The Physics building has a small attic on the top floor, which I suppose is the fourth floor. I call it 'small' because it doesn't take up the entire area of the floors below; if the building is an H shape, the attic represents only the middle, horizontal line and not the caps on either end. A better analogy is an I, but as you can see my font does not have capped, capitalized i's, so think of an H but with a longer middle and shorter ends.
It is also directly underneath the roof, so the width is shorter than the floors below as well, with a higher-than-normal height near the two stairwell entrances, and about a three-ft height on the opposite side. Like being stuck in an elongated tent.

I couldn't find the lightswitches, only delay timers that looked a bit like analog kitchen timers stuck to the wall, the kind where you turn a knob and wait, and it goes to 5 minutes past zero before the bell rings and you find your cookies have been burnt to charcoal. Except that these timers were in hours, not in minutes. But either way, they were dodgy looking, and I did not want to play with them. There were windows flush with the floor, and rose about two feet high. A good effect for the outside, but it was a little dark and light coming from the bottom of a wall is a bit unusual.
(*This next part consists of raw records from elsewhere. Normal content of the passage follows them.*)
text \<open>The rows \<open>i\<close> and \<open>p\<close> are then both multiples of \<open>e\<^sub>j\<^sup>T\<close>.\<close>

lemma symmetric_zero_block_det_zero:
  assumes C: "C \<in> carrier_mat 3 3" and sym: "transpose_mat C = C"
    and ijp: "i < 3" "j < 3" "p < 3" "i \<noteq> j" "i \<noteq> p" "j \<noteq> p"
    and zero: "C $$ (i,i) = 0" "C $$ (i,p) = 0" "C $$ (p,p) = (0::real)"
  shows "det C = 0"
proof (rule ccontr)
  assume det: "det C \<noteq> 0"
  have Csym: "C $$ (q,m) = C $$ (m,q)" if "m < 3" "q < 3" for m q
    using arg_cong[OF sym, of "\<lambda>M. M $$ (m,q)"] C that by simp
  have other: "m = i \<or> m = p" if "m < 3" "m \<noteq> j" for m
    using that ijp by (auto simp: less_3_cases)
  note expand = sum_lessThan_3_distinct[OF ijp]
  define x where "x q = (if q = i then C $$ (p,j) else if q = p then - C $$ (i,j) else 0)" for q
  have "(\<Sum>q<3. C $$ (m,q) * x q) = 0" if "m < 3" for m
    using other[OF that] ijp zero Csym unfolding expand x_def by (cases "m = j") auto
  hence "x i = 0" "x p = 0"
    using det_nonzero_kernel_trivial[OF C det] ijp by blast+
  hence "C $$ (p,j) = 0" "C $$ (i,j) = 0" using ijp unfolding x_def by auto
  define e where "e q = (if q = i then 1 else 0 :: real)" for q
  have "(\<Sum>q<3. C $$ (m,q) * e q) = 0" if "m < 3" for m
    using other[OF that] ijp zero Csym \<open>C $$ (i,j) = 0\<close> unfolding expand e_def
    by (cases "m = j") auto
  hence "e i = 0" using det_nonzero_kernel_trivial[OF C det] ijp by blast
  thus False unfolding e_def by simp
qed

lemma gram_equations_infeasible:
  fixes \<beta> \<gamma> p q r c d e f :: real
  assumes pos: "\<beta> > 0" "\<gamma> > 0" and nn: "p \<ge> 0" "q \<ge> 0" "r \<ge> 0" "c \<ge> 0" "d \<ge> 0" "e \<ge> 0" "f \<ge> 0"
    and H1: "\<beta> * c * \<gamma> = 1" and H2: "(q * c + r * d) * \<beta> = 1" and H3: "(p * c + r * e) * \<gamma> = 2"
    and H4: "2*p*q*c + 2*p*r*d + 2*q*r*e + r*r*f = 1" and H5: "p \<ge> \<beta>"
  shows False
proof -
  have S3: "p*q*c*\<beta>*\<gamma> = p*q" using H1 by (metis mult.commute mult.left_commute mult_1)
  have S1: "p*r*d*\<beta>*\<gamma> = p*\<gamma> - p*q"
  proof -
    have "p*\<gamma>*((q * c + r * d) * \<beta>) = p*\<gamma>" using H2 by simp
    moreover have "p*\<gamma>*((q * c + r * d) * \<beta>) = p*q*c*\<beta>*\<gamma> + p*r*d*\<beta>*\<gamma>" by (simp add: algebra_simps)
    ultimately show ?thesis using S3 by linarith
  qed
  have S2: "q*r*e*\<beta>*\<gamma> = 2*q*\<beta> - p*q"
  proof -
    have "q*\<beta>*((p * c + r * e) * \<gamma>) = 2*q*\<beta>" using H3 by simp
    moreover have "q*\<beta>*((p * c + r * e) * \<gamma>) = p*q*c*\<beta>*\<gamma> + q*r*e*\<beta>*\<gamma>" by (simp add: algebra_simps)
    ultimately show ?thesis using S3 by linarith
  qed
  have "\<beta>*\<gamma> = \<beta>*\<gamma>*(2*p*q*c + 2*p*r*d + 2*q*r*e + r*r*f)" using H4 by simp
  also have "\<dots> = 2*(p*q*c*\<beta>*\<gamma>) + 2*(p*r*d*\<beta>*\<gamma>) + 2*(q*r*e*\<beta>*\<gamma>) + r*r*f*\<beta>*\<gamma>"
    by (simp add: algebra_simps)
  also have "\<dots> = 2*p*\<gamma> + 2*q*(2*\<beta> - p) + r*r*f*\<beta>*\<gamma>"
    unfolding S1 S2 S3 by (simp add: algebra_simps)
  finally have E: "\<beta>*\<gamma> = 2*p*\<gamma> + 2*q*(2*\<beta> - p) + r*r*f*\<beta>*\<gamma>" .
  have "p \<le> 2*\<beta>"
  proof -
    have "p*c*\<gamma> \<le> 2" using H3 nn pos by (smt (verit) mult_nonneg_nonneg distrib_right)
    hence "\<beta>*(p*c*\<gamma>) \<le> 2*\<beta>" using pos by (simp add: mult_left_mono mult.commute)
    moreover have "\<beta>*(p*c*\<gamma>) = p" using H1 by (metis mult.commute mult.left_commute mult_1)
    ultimately show ?thesis by simp
  qed
  hence "2*q*(2*\<beta> - p) \<ge> 0" using nn by simp
  moreover have "r*r*f*\<beta>*\<gamma> \<ge> 0" using nn pos by simp
  moreover have "2*p*\<gamma> \<ge> 2*\<beta>*\<gamma>" using H5 pos by simp
  moreover have "\<beta>*\<gamma> > 0" using pos by simp
  ultimately show False using E by linarith
qed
I was up there looking for something or another, a bright lamp I think, but I'm not sure.
I did not find a single lamp.
What I did find was fascinating, at least the stuff I could see. There was a cabinet in one dark corner with a sign on the sunlit-side reading "FREE TO A GOOD LAB", and though most of the equipment on the shelves were hidden by shadows it looked like balances (both analog and digital), small power generators, ampmeters, that kind of thing. There were many cardboard boxes, some stacked up and clearly empty, some overflowing with old books; filing cabinets with drawers partially falling out; ancient desks, chairs, coatracks; step-ladders and too many other odd pieces of furniture to mention.

I was surprised when I saw a Christmas tree.

I was even more surprised when I examined the attic further and found four or five of them.

How many artificial trees does one PC physics department need? Apparently the answer is less than five, since those have been gathering dust for who knows how long.